The details live in skills.

`review-buddy`: the study session playbook

This skill describes how to run a review session.

It covers the rhythm:

ask one card at a time
hide the answer until the user attempts it
reveal and teach briefly
suggest a rating
wait for confirmation
handle noisy or broken cards
close with a recap

This is not code. It is behavioral protocol.

That distinction matters. The review flow is not tied to terminal I/O, Telegram messages, or AnkiConnect. It is just the way a good tutor should behave.

`plain-cards`: the card-writing style guide

This skill handles card quality.

It tells the agent to write cards that are:

atomic
answer-first
lean
verified
free of filler
easy to review months later

A bad flashcard is worse than no flashcard. It creates fake progress. The model can generate ten cards in seconds, but without a style guide it will happily generate ten vague cards that future me will hate.

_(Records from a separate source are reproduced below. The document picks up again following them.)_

(* Let $q$ be a prime power, $d\ge5$, $\mathcal C$ the $[q+1,q+2-d,d]_q$ normalized GDRS code, and $\mathcal V^{(2)}$ a coset of weight $2$ of $\mathcal C$ with leader $\mathbf v_2(j_1,j_2;\gamma_1,\gamma_2)$. Let $\beta$ be a primitive element of $\mathbb F_q$, $\gamma=-\gamma_2/\gamma_1$, and $\lambda(\gamma)\in\mathbb Z_{q-1}$ with $\beta^{\lambda(\gamma)}=\gamma$. Write $P=\mathrm P^+_{q-1,d-2}(\lambda(\gamma))$ (with $t$ an integer). Then: (1) $q=3t+1\ge7$, $d=5$: $P=\frac13\left(\binom{q-2}{2}-1\right)+1$ if $\lambda(\gamma)\equiv0\pmod3$, else $P=\frac13\left(\binom{q-2}{2}-1\right)$. (2) $q=4t+3\ge7$, $d=6$: $P=\frac14\left(\binom{q-2}{3}+\frac{q-3}{2}\right)$ if $\lambda(\gamma)\equiv0\pmod2$, else $P=\frac14\left(\binom{q-2}{3}-\frac{q-3}{2}\right)$. (3) $q=5t+1\ge11$, $d=7$: $P=\frac15\left(\binom{q-2}{4}-1\right)+1$ if $\lambda(\gamma)\equiv0\pmod5$, else $P=\frac15\left(\binom{q-2}{4}-1\right)$. (4) $q=6t+3\ge9$ or $q=6t+5\ge11$, $d=8$: $P=\frac16\left(\binom{q-2}{5}-\binom{(q-3)/2}{2}\right)$ if $\lambda(\gamma)\equiv0\pmod2$, else $P=\frac16\left(\binom{q-2}{5}+\binom{(q-3)/2}{2}\right)$. (5) $q=6t+4\ge10$, $d=8$: $P=\frac13\left(\frac12\binom{q-2}{5}+\frac{q-4}{3}\right)$ if $\lambda(\gamma)\equiv0\pmod3$, else $P=\frac16\left(\binom{q-2}{5}-\frac{q-4}{3}\right)$. (6) $q=7t+1\ge29$, $d=9$: $P=\frac17\left(\binom{q-2}{6}-1\right)+1$ if $\lambda(\gamma)\equiv0\pmod7$, else $P=\frac17\left(\binom{q-2}{6}-1\right)$. (7) $q=4t+7\ge11$, $d=10$: $P=\frac18\left(\binom{q-2}{7}+\binom{(q-3)/2}{3}\right)$ if $\lambda(\gamma)\equiv0\pmod2$, else $P=\frac18\left(\binom{q-2}{7}-\binom{(q-3)/2}{3}\right)$. (8) $q=9t+4\ge13$ or $q=9t+7\ge16$, $d=11$: $P=\frac19\left(\binom{q-2}{8}+2\binom{(q-4)/3}{2}\right)$ if $\lambda(\gamma)\equiv0\pmod3$, else $P=\frac19\left(\binom{q-2}{8}-\binom{(q-4)/3}{2}\right)$. (9) $q=4t+1\ge9$, $d=6$: $P=\frac14\left(\binom{q-2}{3}+\frac{q-7}{2}\right)$ if $\lambda(\gamma)\equiv0\pmod4$; $P=\frac14\left(\binom{q-2}{3}-\frac{q-3}{2}\right)$ if $\lambda(\gamma)\equiv1\pmod2$; $P=\frac14\left(\binom{q-2}{3}+\frac{q+1}{2}\right)$ if $\lambda(\gamma)\equiv2\pmod4$.
   Context: Normalized GDRS code: the $\mathbb F_q$-linear code of length $q+1$ which is the kernel of the $(d-1)\times(q+1)$ matrix whose first $q$ columns are $(1,m,\dots,m^{d-2})^T$, $m$ running over $\mathbb F_q$, and whose last column is $(0,\dots,0,1)^T$. A coset of weight $2$ is a coset of minimum Hamming weight $2$; $\mathbf v_2(j_1,j_2;\gamma_1,\gamma_2)$ is the vector with $\gamma_1,\gamma_2\in\mathbb F_q^*$ in positions $j_1\ne j_2$ and zeros elsewhere. For positive integers $\mu<R$ and $\lambda\in\mathbb Z_R$ (integers mod $R$), $\mathrm P^+_{R,\mu}(\lambda)$ is the number of $\mu$-element subsets of $\mathbb Z_R$ (distinct elements) whose sum in $\mathbb Z_R$ is $\lambda$. (By the paper's results, $P$ equals the number of weight-$(d-2)$ vectors in $\mathcal V^{(2)}$.) *)

theory Defs
  imports Complex_Main "HOL-Library.Cardinality"
begin

text \<open>Positions of codewords of length q+1: Some m for m in F_q (the first q columns),
  None for the last column.\<close>

definition gdrs_code :: "nat \<Rightarrow> ('a::{finite,field} option \<Rightarrow> 'a) set" where
  "gdrs_code d = {x. \<forall>i < d - 1.
      (\<Sum>m\<in>(UNIV::'a set). x (Some m) * m ^ i) + (if i = d - 2 then x None else 0) = 0}"

definition hamming_wt :: "('b \<Rightarrow> 'a::zero) \<Rightarrow> nat" where
  "hamming_wt x = card {j. x j \<noteq> 0}"

definition is_coset :: "('b \<Rightarrow> 'a::plus) set \<Rightarrow> ('b \<Rightarrow> 'a) set \<Rightarrow> bool" where
  "is_coset C V \<longleftrightarrow> (\<exists>x. V = (\<lambda>c. \<lambda>j. x j + c j) ` C)"

definition coset_weight :: "('b \<Rightarrow> 'a::zero) set \<Rightarrow> nat" where
  "coset_weight V = Min (hamming_wt ` V)"

definition is_coset_leader :: "('b \<Rightarrow> 'a::zero) \<Rightarrow> ('b \<Rightarrow> 'a) set \<Rightarrow> bool" where
  "is_coset_leader v V \<longleftrightarrow> v \<in> V \<and> hamming_wt v = coset_weight V"

definition v2 :: "'b \<Rightarrow> 'b \<Rightarrow> 'a \<Rightarrow> 'a \<Rightarrow> ('b \<Rightarrow> 'a::zero)" where
  "v2 j1 j2 g1 g2 = (\<lambda>j. if j = j1 then g1 else if j = j2 then g2 else 0)"

definition primitive_elem :: "'a::field \<Rightarrow> bool" where
  "primitive_elem \<beta> \<longleftrightarrow> \<beta> \<noteq> 0 \<and> (\<forall>x. x \<noteq> 0 \<longrightarrow> (\<exists>k::nat. \<beta> ^ k = x))"

text \<open>P^+_{R,mu}(lambda): number of mu-element subsets of Z_R = {0..<R} with sum = lambda in Z_R.\<close>
definition Pplus :: "nat \<Rightarrow> nat \<Rightarrow> nat \<Rightarrow> nat" where
  "Pplus R \<mu> l = card {S. S \<subseteq> {..<R} \<and> card S = \<mu> \<and> (\<Sum>S) mod R = l mod R}"

end

theory Submission
  imports Defs "HOL-Number_Theory.Cong"
begin

text \<open>Let N(n, k, r) count the k-subsets of {0, ..., n - 1} whose sum is r modulo n. Translating a
  subset by a changes its sum by k a, so N(n, k, r) only depends on r modulo g = gcd n k, and counting
  sums modulo g merely adds up n / g equal values of N.

  For n = p m and k = p i, cut {0, ..., n - 1} into the m blocks of p consecutive numbers. Rotating
  a block cyclically changes the sum modulo p by a multiple of the number of points the subset has in
  that block. When p is prime, this makes the subsets that meet some block partially equidistributed
  modulo p; the other subsets are unions of i whole blocks, all with sum i p (p - 1) / 2 modulo p.
  Since gcd n k = p in cases (1)-(8), this determines N. In case (9), where gcd n k = 4, the count
  modulo 2, the reflection x \<mapsto> n - 1 - x (exchanging the residues 1 and 3 modulo 4) and rotations
  by the shift 2 (which work for every block count) together determine the four counts modulo 4.\<close>

section \<open>Counting by residues\<close>

lemma card_cong_fibres_shift:
  fixes f :: "'a \<Rightarrow> nat"
  assumes fin: "finite X" and inj: "inj_on \<psi> X" and into: "\<psi> ` X \<subseteq> X"
    and shift: "\<And>x. x \<in> X \<Longrightarrow> [f (\<psi> x) = f x + \<delta>] (mod M)"
  shows "card {x\<in>X. [f x = r] (mod M)} = card {x\<in>X. [f x = r + t * \<delta>] (mod M)}"
proof (induction t)
  case (Suc t)
  have onto: "\<psi> ` X = X" by (rule endo_inj_surj[OF fin into inj])
  have fibre_image: "\<psi> ` {x\<in>X. [f x = s] (mod M)} = {x\<in>X. [f x = s + \<delta>] (mod M)}" for s
  proof (intro equalityI subsetI)
    fix y assume "y \<in> \<psi> ` {x\<in>X. [f x = s] (mod M)}"
    then obtain x where x: "x \<in> X" "[f x = s] (mod M)" and y: "y = \<psi> x" by blast
    have "[f y = f x + \<delta>] (mod M)" using shift[OF x(1)] y by simp
    also have "[f x + \<delta> = s + \<delta>] (mod M)" using x(2) by (simp add: cong_add_rcancel_nat)
    finally show "y \<in> {x\<in>X. [f x = s + \<delta>] (mod M)}" using into x(1) y by auto
  next
    fix y assume y: "y \<in> {x\<in>X. [f x = s + \<delta>] (mod M)}"
    then obtain x where x: "x \<in> X" "y = \<psi> x" using onto by blast
    have "[f x + \<delta> = f y] (mod M)" using shift[OF x(1)] x(2) by (simp add: cong_sym)
    also have "[f y = s + \<delta>] (mod M)" using y by simp
    finally have "[f x = s] (mod M)" by (simp add: cong_add_rcancel_nat)
    then show "y \<in> \<psi> ` {x\<in>X. [f x = s] (mod M)}" using x by blast
  qed
  have "inj_on \<psi> {x\<in>X. [f x = s] (mod M)}" for s
    using inj by (rule inj_on_subset) blast
  then have step: "card {x\<in>X. [f x = s] (mod M)} = card {x\<in>X. [f x = s + \<delta>] (mod M)}" for s
    by (simp add: card_image flip: fibre_image)
  show ?case using Suc.IH step[of "r + t * \<delta>"] by (simp add: ac_simps)
qed simp

lemma card_cong_fibres_sum:
  fixes f :: "'a \<Rightarrow> nat"
  assumes "finite X" "0 < M" "g dvd M"
  shows "card {x\<in>X. [f x = r] (mod g)} = (\<Sum>s | s < M \<and> [s = r] (mod g). card {x\<in>X. [f x = s] (mod M)})"
proof -
  have "{x\<in>X. [f x = r] (mod g)} = (\<Union>s \<in> {s. s < M \<and> [s = r] (mod g)}. {x\<in>X. [f x = s] (mod M)})"
  proof (intro equalityI subsetI)
    fix x assume x: "x \<in> {x\<in>X. [f x = r] (mod g)}"
    have "[f x mod M = f x] (mod g)"
      using assms(3) by (simp add: cong_def mod_mod_cancel)
    then have "f x mod M \<in> {s. s < M \<and> [s = r] (mod g)}"
      using x assms(2) cong_trans by auto
    moreover have "x \<in> {x\<in>X. [f x = f x mod M] (mod M)}"
      using x by (simp add: cong_def)
    ultimately show "x \<in> (\<Union>s \<in> {s. s < M \<and> [s = r] (mod g)}. {x\<in>X. [f x = s] (mod M)})"
      by blast
  next
    fix x assume "x \<in> (\<Union>s \<in> {s. s < M \<and> [s = r] (mod g)}. {x\<in>X. [f x = s] (mod M)})"
    then obtain s where "x \<in> X" "[f x = s] (mod M)" "[s = r] (mod g)" by blast
    then show "x \<in> {x\<in>X. [f x = r] (mod g)}"
      using assms(3) cong_dvd_modulus_nat cong_trans by blast
  qed
  also have "card \<dots> = (\<Sum>s | s < M \<and> [s = r] (mod g). card {x\<in>X. [f x = s] (mod M)})"
    by (rule card_UN_disjoint) (use assms(1) in \<open>auto simp: cong_def\<close>)
  finally show ?thesis .
qed

lemma card_cong_class_lessThan:
  fixes g n r :: nat
  assumes "0 < g" "g dvd n"
  shows "card {s. s < n \<and> [s = r] (mod g)} = n div g"
proof -
  have "{s. s < n \<and> [s = r] (mod g)} = (\<lambda>j. r mod g + g * j) ` {..<n div g}"
  proof (intro equalityI subsetI)
    fix s assume s: "s \<in> {s. s < n \<and> [s = r] (mod g)}"
    then have "s = r mod g + g * (s div g)"
      by (metis cong_def mem_Collect_eq mod_mult_div_eq)
    moreover have "s div g < n div g"
      using s assms by (simp add: div_less_iff_less_mult)
    ultimately show "s \<in> (\<lambda>j. r mod g + g * j) ` {..<n div g}" by blast
  next
    fix s assume "s \<in> (\<lambda>j. r mod g + g * j) ` {..<n div g}"
    then obtain j where j: "j < n div g" "s = r mod g + g * j" by blast
    have "g * Suc j \<le> g * (n div g)"
      using j(1) by (intro mult_le_mono2) simp
    then have "g * j + g \<le> n"
      using assms(2) by simp
    moreover have "r mod g < g"
      using assms(1) by simp
    ultimately show "s \<in> {s. s < n \<and> [s = r] (mod g)}"
      using j by (simp add: cong_def)
  qed
  moreover have "inj_on (\<lambda>j. r mod g + g * j) {..<n div g}"
    using assms(1) by (auto intro!: inj_onI)
  ultimately show ?thesis by (simp add: card_image)
qed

So card writing became a skill.

`codebase-cards`: the repo exploration protocol

This one is for turning source code into Anki cards.

The agent is told to inspect the repo breadth-first, identify architecture, data flow, responsibilities, and gotchas, then turn only the useful findings into cards.

That skill powers code mode in the deck builder:

python deck_builder.py "overall architecture" --path ~/my/project --count 6

The focus hint changes, but the exploration protocol stays the same.

This is the second pattern:

Put reusable behavior in skills.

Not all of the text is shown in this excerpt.